───── Entries provided ─────
lemma sum_chebyshev_angle_eq_S:
  assumes n: "odd n" and m: "odd m" "m > 1"
  shows "(\<Sum>k<n. (-1)^k * sin (chebyshev_angle n k) * cos (chebyshev_angle n k) ^ (m - 1)) = 2 * S n m"
proof -
  define h where "h = (n - 1) div 2"
  have nh: "n = 2 * h + 1" using n unfolding h_def by presburger
  define f where "f k = (-1::real)^k * sin (chebyshev_angle n k) * cos (chebyshev_angle n k) ^ (m - 1)" for k
  have S_eq: "S n m = (\<Sum>k\<le>h. f k)"
    unfolding S_def f_def chebyshev_angle_def h_def by (simp add: atLeast0AtMost)
  have f_reflect: "f (n - Suc k) = f k" if "k < n" for k
    using m chebyshev_angle_reflect_odd[OF n that] by (simp add: f_def power_minus_even)
  have middle: "chebyshev_angle n h = pi/2" unfolding chebyshev_angle_def nh by (simp add: field_simps)
  have "cos (chebyshev_angle n h) = 0" unfolding middle by simp
  then have "f h = 0" using m by (simp add: f_def)
  have split: "{..<n} = {..h} \<union> {h+1..<n}" using nh by auto
  have "(\<Sum>k<n. f k) = (\<Sum>k\<le>h. f k) + (\<Sum>k\<in>{h+1..<n}. f k)"
    unfolding split by (rule sum.union_disjoint) auto
  also have "(\<Sum>k\<in>{h+1..<n}. f k) = (\<Sum>k<h. f k)"
    by (rule sum.reindex_bij_witness[where i="\<lambda>k. n - Suc k" and j="\<lambda>k. n - Suc k"])
      (use nh f_reflect in auto)
  also have "\<dots> = (\<Sum>k\<le>h. f k)"
    using \<open>f h = 0\<close> by (simp flip: lessThan_Suc_atMost)
  finally show ?thesis unfolding S_eq f_def by simp
qed

lemma has_integral_arcsin_substitution:
  assumes "continuous_on {0..pi/2} h" and "(h has_integral I) {0..pi/2}"
  shows "((\<lambda>t. h (arcsin t) / sqrt (1 - t^2)) has_integral I) {0..1}"
proof -
  have "((\<lambda>t. inverse (sqrt (1 - t^2)) *\<^sub>R h (arcsin t)) has_integral
      integral {arcsin 0..arcsin 1} h - integral {arcsin 1..arcsin 0} h) {0..1}"
  proof (rule has_integral_substitution_general[of "{1}" 0 1 arcsin 0 "pi/2" h])
    show "arcsin ` {0..1} \<subseteq> {0..pi/2}" using arcsin_nonneg arcsin_ubound by fastforce
    show "continuous_on {0..1} arcsin"
      by (rule continuous_on_subset[OF continuous_on_arcsin']) auto
    fix x :: real assume "x \<in> {0..1} - {1}"
    then have "-1 < x" "x < 1" by auto
    from DERIV_arcsin[OF this]
    show "(arcsin has_real_derivative inverse (sqrt (1 - x^2))) (at x within {0..1})"
      by (rule has_field_derivative_at_within)
  qed (use assms(1) in auto)
  moreover have "(\<lambda>t. inverse (sqrt (1 - t^2)) *\<^sub>R h (arcsin t)) = (\<lambda>t. h (arcsin t) / sqrt (1 - t^2))"
    by (simp add: fun_eq_iff divide_inverse)
  moreover have "integral {arcsin 0..arcsin 1} h - integral {arcsin 1..arcsin 0} h = I"
    using integral_unique[OF assms(2)] by simp
  ultimately show ?thesis by simp
qed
─────
Could you retype every record above exactly as it appears?

lemma sum_chebyshev_angle_eq_S:
  assumes n: "odd n" and m: "odd m" "m > 1"
  shows "(\<Sum>k<n. (-1)^k * sin (chebyshev_angle n k) * cos (chebyshev_angle n k) ^ (m - 1)) = 2 * S n m"
proof -
  define h where "h = (n - 1) div 2"
  have nh: "n = 2 * h + 1" using n unfolding h_def by presburger
  define f where "f k = (-1::real)^k * sin (chebyshev_angle n k) * cos (chebyshev_angle n k) ^ (m - 1)" for k
  have S_eq: "S n m = (\<Sum>k\<le>h. f k)"
    unfolding S_def f_def chebyshev_angle_def h_def by (simp add: atLeast0AtMost)
  have f_reflect: "f (n - Suc k) = f k" if "k < n" for k
    using m chebyshev_angle_reflect_odd[OF n that] by (simp add: f_def power_minus_even)
  have middle: "chebyshev_angle n h = pi/2" unfolding chebyshev_angle_def nh by (simp add: field_simps)
  have "cos (chebyshev_angle n h) = 0" unfolding middle by simp
  then have "f h = 0" using m by (simp add: f_def)
  have split: "{..<n} = {..h} \<union> {h+1..<n}" using nh by auto
  have "(\<Sum>k<n. f k) = (\<Sum>k\<le>h. f k) + (\<Sum>k\<in>{h+1..<n}. f k)"
    unfolding split by (rule sum.union_disjoint) auto
  also have "(\<Sum>k\<in>{h+1..<n}. f k) = (\<Sum>k<h. f k)"
    by (rule sum.reindex_bij_witness[where i="\<lambda>k. n - Suc k" and j="\<lambda>k. n - Suc k"])
      (use nh f_reflect in auto)
  also have "\<dots> = (\<Sum>k\<le>h. f k)"
    using \<open>f h = 0\<close> by (simp flip: lessThan_Suc_atMost)
  finally show ?thesis unfolding S_eq f_def by simp
qed

lemma has_integral_arcsin_substitution:
  assumes "continuous_on {0..pi/2} h" and "(h has_integral I) {0..pi/2}"
  shows "((\<lambda>t. h (arcsin t) / sqrt (1 - t^2)) has_integral I) {0..1}"
proof -
  have "((\<lambda>t. inverse (sqrt (1 - t^2)) *\<^sub>R h (arcsin t)) has_integral
      integral {arcsin 0..arcsin 1} h - integral {arcsin 1..arcsin 0} h) {0..1}"
  proof (rule has_integral_substitution_general[of "{1}" 0 1 arcsin 0 "pi/2" h])
    show "arcsin ` {0..1} \<subseteq> {0..pi/2}" using arcsin_nonneg arcsin_ubound by fastforce
    show "continuous_on {0..1} arcsin"
      by (rule continuous_on_subset[OF continuous_on_arcsin']) auto
    fix x :: real assume "x \<in> {0..1} - {1}"
    then have "-1 < x" "x < 1" by auto
    from DERIV_arcsin[OF this]
    show "(arcsin has_real_derivative inverse (sqrt (1 - x^2))) (at x within {0..1})"
      by (rule has_field_derivative_at_within)
  qed (use assms(1) in auto)
  moreover have "(\<lambda>t. inverse (sqrt (1 - t^2)) *\<^sub>R h (arcsin t)) = (\<lambda>t. h (arcsin t) / sqrt (1 - t^2))"
    by (simp add: fun_eq_iff divide_inverse)
  moreover have "integral {arcsin 0..arcsin 1} h - integral {arcsin 1..arcsin 0} h = I"
    using integral_unique[OF assms(2)] by simp
  ultimately show ?thesis by simp
qed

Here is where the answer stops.